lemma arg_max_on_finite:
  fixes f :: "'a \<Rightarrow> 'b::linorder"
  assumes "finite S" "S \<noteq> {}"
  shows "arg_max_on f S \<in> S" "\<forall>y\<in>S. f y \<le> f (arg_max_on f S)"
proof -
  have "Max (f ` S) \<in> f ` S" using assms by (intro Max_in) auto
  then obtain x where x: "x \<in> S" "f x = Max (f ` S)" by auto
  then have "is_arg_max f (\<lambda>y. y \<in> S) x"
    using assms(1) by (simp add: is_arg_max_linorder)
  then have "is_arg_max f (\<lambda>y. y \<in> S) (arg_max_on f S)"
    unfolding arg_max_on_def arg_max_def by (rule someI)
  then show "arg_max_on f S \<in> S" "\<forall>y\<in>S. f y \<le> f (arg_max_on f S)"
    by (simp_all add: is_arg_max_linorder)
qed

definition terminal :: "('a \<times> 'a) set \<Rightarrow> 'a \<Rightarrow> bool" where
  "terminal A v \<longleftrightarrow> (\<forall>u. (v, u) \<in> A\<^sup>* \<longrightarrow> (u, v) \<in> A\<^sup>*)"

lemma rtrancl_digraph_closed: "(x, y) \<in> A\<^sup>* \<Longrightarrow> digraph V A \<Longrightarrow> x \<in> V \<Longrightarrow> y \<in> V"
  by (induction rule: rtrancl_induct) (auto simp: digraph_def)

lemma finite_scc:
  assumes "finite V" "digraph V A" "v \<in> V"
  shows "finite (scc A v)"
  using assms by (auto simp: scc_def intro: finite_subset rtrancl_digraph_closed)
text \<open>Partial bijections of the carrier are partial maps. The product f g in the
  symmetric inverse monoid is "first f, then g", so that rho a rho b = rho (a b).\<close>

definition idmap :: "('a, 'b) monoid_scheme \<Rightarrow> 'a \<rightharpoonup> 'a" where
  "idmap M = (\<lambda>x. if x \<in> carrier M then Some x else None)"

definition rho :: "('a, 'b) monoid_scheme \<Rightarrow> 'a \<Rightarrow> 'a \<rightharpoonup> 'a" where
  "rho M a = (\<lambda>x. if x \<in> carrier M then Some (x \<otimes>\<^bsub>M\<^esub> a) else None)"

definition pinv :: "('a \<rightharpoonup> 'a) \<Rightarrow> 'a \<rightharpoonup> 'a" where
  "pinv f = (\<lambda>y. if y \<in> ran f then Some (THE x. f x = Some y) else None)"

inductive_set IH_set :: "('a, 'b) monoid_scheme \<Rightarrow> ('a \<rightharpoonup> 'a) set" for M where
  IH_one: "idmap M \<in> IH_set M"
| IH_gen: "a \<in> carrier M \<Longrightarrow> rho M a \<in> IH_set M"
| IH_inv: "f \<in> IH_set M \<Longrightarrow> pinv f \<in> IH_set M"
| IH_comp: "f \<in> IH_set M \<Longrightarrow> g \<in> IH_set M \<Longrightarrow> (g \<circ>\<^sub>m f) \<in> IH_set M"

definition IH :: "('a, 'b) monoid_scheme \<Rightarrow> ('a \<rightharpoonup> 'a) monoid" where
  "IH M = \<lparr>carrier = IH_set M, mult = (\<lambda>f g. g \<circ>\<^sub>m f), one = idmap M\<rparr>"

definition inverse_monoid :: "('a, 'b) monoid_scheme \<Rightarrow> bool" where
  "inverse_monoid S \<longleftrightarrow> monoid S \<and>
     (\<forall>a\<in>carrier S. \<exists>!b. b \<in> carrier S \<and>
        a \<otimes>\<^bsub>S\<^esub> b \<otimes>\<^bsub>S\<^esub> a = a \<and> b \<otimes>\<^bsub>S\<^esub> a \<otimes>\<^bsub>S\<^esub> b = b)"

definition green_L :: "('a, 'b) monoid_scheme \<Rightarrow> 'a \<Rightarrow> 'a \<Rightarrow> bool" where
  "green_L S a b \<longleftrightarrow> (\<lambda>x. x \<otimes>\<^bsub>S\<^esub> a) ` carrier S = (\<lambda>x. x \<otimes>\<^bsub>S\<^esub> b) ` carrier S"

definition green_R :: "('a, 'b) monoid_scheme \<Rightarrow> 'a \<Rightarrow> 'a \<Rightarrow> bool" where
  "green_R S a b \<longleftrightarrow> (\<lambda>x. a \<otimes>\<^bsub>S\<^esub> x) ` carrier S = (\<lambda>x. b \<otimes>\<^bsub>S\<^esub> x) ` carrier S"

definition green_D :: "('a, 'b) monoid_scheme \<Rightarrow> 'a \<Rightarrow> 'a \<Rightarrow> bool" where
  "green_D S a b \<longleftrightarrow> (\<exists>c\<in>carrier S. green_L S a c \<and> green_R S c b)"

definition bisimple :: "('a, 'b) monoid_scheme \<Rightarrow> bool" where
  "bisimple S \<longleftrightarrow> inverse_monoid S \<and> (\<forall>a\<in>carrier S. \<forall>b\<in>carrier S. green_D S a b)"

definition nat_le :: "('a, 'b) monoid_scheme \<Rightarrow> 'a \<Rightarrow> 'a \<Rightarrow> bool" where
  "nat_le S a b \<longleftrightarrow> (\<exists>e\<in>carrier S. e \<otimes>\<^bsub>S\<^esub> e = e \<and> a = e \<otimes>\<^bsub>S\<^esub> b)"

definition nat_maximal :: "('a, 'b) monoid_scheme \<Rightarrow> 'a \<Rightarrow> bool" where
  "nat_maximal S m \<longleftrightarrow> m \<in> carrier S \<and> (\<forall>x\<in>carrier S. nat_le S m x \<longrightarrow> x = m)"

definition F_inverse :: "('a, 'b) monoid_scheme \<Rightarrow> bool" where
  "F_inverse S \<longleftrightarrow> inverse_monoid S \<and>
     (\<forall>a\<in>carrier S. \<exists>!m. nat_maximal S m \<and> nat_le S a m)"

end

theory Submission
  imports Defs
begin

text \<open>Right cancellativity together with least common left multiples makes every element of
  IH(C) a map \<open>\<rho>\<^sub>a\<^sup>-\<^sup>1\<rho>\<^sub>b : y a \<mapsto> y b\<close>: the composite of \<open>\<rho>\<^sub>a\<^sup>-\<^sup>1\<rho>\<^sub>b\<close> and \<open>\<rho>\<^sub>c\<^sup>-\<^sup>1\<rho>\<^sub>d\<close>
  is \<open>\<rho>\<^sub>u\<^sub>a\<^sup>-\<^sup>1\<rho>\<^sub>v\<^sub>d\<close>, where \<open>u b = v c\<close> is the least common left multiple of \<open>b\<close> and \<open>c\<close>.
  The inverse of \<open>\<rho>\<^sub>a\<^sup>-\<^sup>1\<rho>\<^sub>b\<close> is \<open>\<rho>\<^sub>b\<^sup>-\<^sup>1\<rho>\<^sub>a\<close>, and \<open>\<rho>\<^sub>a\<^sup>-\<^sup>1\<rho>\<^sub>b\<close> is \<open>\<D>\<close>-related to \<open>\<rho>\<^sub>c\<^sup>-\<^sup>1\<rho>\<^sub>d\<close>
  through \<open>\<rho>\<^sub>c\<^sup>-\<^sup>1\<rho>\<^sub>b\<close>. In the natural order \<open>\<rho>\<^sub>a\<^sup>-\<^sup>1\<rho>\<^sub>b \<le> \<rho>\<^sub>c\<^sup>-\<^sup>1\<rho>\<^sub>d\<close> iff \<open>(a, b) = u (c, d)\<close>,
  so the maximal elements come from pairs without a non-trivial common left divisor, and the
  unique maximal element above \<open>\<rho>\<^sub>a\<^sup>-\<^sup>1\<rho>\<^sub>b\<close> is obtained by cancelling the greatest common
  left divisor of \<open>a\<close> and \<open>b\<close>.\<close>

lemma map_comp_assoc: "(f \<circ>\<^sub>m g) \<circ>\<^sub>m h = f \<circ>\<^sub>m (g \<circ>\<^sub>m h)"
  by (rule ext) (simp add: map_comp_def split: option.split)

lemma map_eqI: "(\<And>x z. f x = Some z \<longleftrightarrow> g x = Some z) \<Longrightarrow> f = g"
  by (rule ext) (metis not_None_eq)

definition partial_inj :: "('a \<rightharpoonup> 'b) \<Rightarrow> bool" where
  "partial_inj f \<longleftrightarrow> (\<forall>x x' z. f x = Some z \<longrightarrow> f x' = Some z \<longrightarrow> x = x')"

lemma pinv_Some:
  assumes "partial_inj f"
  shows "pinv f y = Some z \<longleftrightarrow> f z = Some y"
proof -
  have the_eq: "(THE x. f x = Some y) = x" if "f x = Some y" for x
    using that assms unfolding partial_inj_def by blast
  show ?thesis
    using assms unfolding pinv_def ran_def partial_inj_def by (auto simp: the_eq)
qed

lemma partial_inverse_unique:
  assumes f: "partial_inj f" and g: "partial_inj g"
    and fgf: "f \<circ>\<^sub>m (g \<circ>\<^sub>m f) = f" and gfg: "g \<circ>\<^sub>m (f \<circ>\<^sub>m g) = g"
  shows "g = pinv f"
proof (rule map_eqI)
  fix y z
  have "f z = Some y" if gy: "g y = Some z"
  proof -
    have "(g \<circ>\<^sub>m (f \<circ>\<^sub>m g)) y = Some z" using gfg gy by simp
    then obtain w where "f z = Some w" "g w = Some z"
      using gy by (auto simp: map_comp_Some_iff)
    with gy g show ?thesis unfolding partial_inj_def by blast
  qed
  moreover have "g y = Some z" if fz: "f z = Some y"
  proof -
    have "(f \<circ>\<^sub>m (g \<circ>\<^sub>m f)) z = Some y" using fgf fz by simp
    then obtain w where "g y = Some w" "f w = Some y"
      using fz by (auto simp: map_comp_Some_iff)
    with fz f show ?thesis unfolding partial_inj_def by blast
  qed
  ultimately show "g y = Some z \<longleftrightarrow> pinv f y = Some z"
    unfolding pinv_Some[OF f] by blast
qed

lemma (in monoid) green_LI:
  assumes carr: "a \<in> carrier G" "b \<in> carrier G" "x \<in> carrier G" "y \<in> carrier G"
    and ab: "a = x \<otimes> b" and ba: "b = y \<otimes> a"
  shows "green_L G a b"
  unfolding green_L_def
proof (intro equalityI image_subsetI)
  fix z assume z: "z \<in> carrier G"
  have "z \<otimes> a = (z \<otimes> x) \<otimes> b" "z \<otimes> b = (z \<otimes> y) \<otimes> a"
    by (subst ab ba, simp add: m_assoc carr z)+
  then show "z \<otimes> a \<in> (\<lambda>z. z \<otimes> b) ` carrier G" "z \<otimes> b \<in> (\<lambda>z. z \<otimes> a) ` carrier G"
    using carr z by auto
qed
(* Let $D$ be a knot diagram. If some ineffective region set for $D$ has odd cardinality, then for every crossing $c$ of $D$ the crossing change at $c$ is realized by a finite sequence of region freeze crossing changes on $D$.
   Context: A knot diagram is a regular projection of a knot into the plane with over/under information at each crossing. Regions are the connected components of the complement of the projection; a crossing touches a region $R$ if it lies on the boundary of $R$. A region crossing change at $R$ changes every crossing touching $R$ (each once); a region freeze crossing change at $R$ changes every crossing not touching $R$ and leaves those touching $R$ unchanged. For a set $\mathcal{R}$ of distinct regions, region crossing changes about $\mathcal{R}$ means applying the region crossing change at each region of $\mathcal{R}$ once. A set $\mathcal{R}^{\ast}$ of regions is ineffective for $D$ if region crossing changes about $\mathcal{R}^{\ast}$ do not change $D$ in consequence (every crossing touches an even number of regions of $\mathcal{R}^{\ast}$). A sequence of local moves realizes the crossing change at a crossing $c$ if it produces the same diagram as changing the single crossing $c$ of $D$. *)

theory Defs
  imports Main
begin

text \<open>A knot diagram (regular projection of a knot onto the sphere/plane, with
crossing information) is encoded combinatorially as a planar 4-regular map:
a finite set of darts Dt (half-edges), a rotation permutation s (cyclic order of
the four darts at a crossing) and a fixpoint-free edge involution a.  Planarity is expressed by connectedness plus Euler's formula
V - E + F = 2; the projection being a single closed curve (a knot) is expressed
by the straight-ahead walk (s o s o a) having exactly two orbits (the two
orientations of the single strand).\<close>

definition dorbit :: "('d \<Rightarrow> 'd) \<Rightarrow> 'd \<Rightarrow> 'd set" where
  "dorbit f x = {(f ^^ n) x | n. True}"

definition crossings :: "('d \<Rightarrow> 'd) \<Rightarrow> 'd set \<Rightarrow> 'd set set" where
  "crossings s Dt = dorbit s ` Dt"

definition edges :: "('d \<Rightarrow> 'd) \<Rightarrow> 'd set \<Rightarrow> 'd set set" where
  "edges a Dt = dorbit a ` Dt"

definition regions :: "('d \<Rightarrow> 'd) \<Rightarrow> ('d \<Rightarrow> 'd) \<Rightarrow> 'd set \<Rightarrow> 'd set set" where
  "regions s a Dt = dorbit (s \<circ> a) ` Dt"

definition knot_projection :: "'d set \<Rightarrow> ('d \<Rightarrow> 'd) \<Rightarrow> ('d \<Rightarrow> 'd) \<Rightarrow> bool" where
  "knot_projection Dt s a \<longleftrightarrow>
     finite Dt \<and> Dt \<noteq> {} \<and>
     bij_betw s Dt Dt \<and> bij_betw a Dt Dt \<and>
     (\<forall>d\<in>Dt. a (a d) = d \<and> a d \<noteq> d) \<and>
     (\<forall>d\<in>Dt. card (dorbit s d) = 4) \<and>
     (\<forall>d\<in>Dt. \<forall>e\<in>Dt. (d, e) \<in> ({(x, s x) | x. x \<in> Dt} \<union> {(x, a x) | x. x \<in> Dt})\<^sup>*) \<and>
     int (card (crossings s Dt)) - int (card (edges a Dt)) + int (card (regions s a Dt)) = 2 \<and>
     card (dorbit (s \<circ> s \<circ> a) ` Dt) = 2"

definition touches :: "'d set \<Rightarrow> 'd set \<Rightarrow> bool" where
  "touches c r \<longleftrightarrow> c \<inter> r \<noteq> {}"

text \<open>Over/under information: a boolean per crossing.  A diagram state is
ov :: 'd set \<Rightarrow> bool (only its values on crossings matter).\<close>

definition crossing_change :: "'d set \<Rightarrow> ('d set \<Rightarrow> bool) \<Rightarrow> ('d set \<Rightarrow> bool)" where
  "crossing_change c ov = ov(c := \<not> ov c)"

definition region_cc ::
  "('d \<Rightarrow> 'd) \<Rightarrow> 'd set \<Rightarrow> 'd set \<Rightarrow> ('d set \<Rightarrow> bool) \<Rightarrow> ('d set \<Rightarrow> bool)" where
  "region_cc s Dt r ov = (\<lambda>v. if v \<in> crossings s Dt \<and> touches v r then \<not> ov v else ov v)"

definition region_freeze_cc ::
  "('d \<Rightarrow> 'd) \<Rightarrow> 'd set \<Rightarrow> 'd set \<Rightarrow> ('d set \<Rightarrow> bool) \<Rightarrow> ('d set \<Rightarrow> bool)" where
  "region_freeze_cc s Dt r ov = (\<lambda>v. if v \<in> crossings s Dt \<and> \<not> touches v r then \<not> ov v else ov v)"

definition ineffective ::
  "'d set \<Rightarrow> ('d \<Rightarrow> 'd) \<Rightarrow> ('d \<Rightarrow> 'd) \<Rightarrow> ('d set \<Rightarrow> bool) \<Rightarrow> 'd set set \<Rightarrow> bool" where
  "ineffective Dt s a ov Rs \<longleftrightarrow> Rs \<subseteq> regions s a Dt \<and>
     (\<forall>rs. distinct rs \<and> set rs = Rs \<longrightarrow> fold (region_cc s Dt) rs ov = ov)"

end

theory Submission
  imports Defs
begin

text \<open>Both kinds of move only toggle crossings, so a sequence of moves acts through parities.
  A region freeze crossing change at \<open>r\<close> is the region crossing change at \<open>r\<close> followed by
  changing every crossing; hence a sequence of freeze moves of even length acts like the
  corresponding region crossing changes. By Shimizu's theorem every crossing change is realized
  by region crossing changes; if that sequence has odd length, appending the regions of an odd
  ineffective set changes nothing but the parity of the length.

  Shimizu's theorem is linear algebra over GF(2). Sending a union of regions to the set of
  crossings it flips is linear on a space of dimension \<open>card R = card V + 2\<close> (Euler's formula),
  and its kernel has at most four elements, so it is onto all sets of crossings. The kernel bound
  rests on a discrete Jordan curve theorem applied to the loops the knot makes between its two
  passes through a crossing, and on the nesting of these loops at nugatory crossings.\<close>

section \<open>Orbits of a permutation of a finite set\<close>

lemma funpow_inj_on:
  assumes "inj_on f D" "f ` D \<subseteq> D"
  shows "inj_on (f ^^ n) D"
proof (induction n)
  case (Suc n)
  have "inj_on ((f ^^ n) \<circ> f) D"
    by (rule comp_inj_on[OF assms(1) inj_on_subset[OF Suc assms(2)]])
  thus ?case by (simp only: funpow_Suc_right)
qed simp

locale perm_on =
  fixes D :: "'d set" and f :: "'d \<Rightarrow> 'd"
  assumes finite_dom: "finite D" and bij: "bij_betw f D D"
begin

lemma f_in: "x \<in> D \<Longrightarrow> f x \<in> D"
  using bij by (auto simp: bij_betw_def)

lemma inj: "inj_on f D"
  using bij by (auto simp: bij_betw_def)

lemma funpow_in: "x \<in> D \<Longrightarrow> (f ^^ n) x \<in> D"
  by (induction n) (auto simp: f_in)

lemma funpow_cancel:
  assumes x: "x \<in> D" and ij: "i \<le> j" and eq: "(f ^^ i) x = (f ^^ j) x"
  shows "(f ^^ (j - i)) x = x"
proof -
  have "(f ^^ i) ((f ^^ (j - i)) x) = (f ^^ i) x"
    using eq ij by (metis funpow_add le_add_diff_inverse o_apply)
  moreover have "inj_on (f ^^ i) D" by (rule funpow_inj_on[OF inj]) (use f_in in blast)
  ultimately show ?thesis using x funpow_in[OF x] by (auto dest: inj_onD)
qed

• Required action
What is needed is a verbatim copy of every line in the records above from the one containing "In the natural" down to the one containing "by (rule ext) (simp", both included, and nothing more.

• Final answer
  through \<open>\<rho>\<^sub>c\<^sup>-\<^sup>1\<rho>\<^sub>b\<close>. In the natural order \<open>\<rho>\<^sub>a\<^sup>-\<^sup>1\<rho>\<^sub>b \<le> \<rho>\<^sub>c\<^sup>-\<^sup>1\<rho>\<^sub>d\<close> iff \<open>(a, b) = u (c, d)\<close>,
  so the maximal elements come from pairs without a non-trivial common left divisor, and the
  unique maximal element above \<open>\<rho>\<^sub>a\<^sup>-\<^sup>1\<rho>\<^sub>b\<close> is obtained by cancelling the greatest common
  left divisor of \<open>a\<close> and \<open>b\<close>.\<close>

lemma map_comp_assoc: "(f \<circ>\<^sub>m g) \<circ>\<^sub>m h = f \<circ>\<^sub>m (g \<circ>\<^sub>m h)"
  by (rule ext) (simp add: map_comp_def split: option.split)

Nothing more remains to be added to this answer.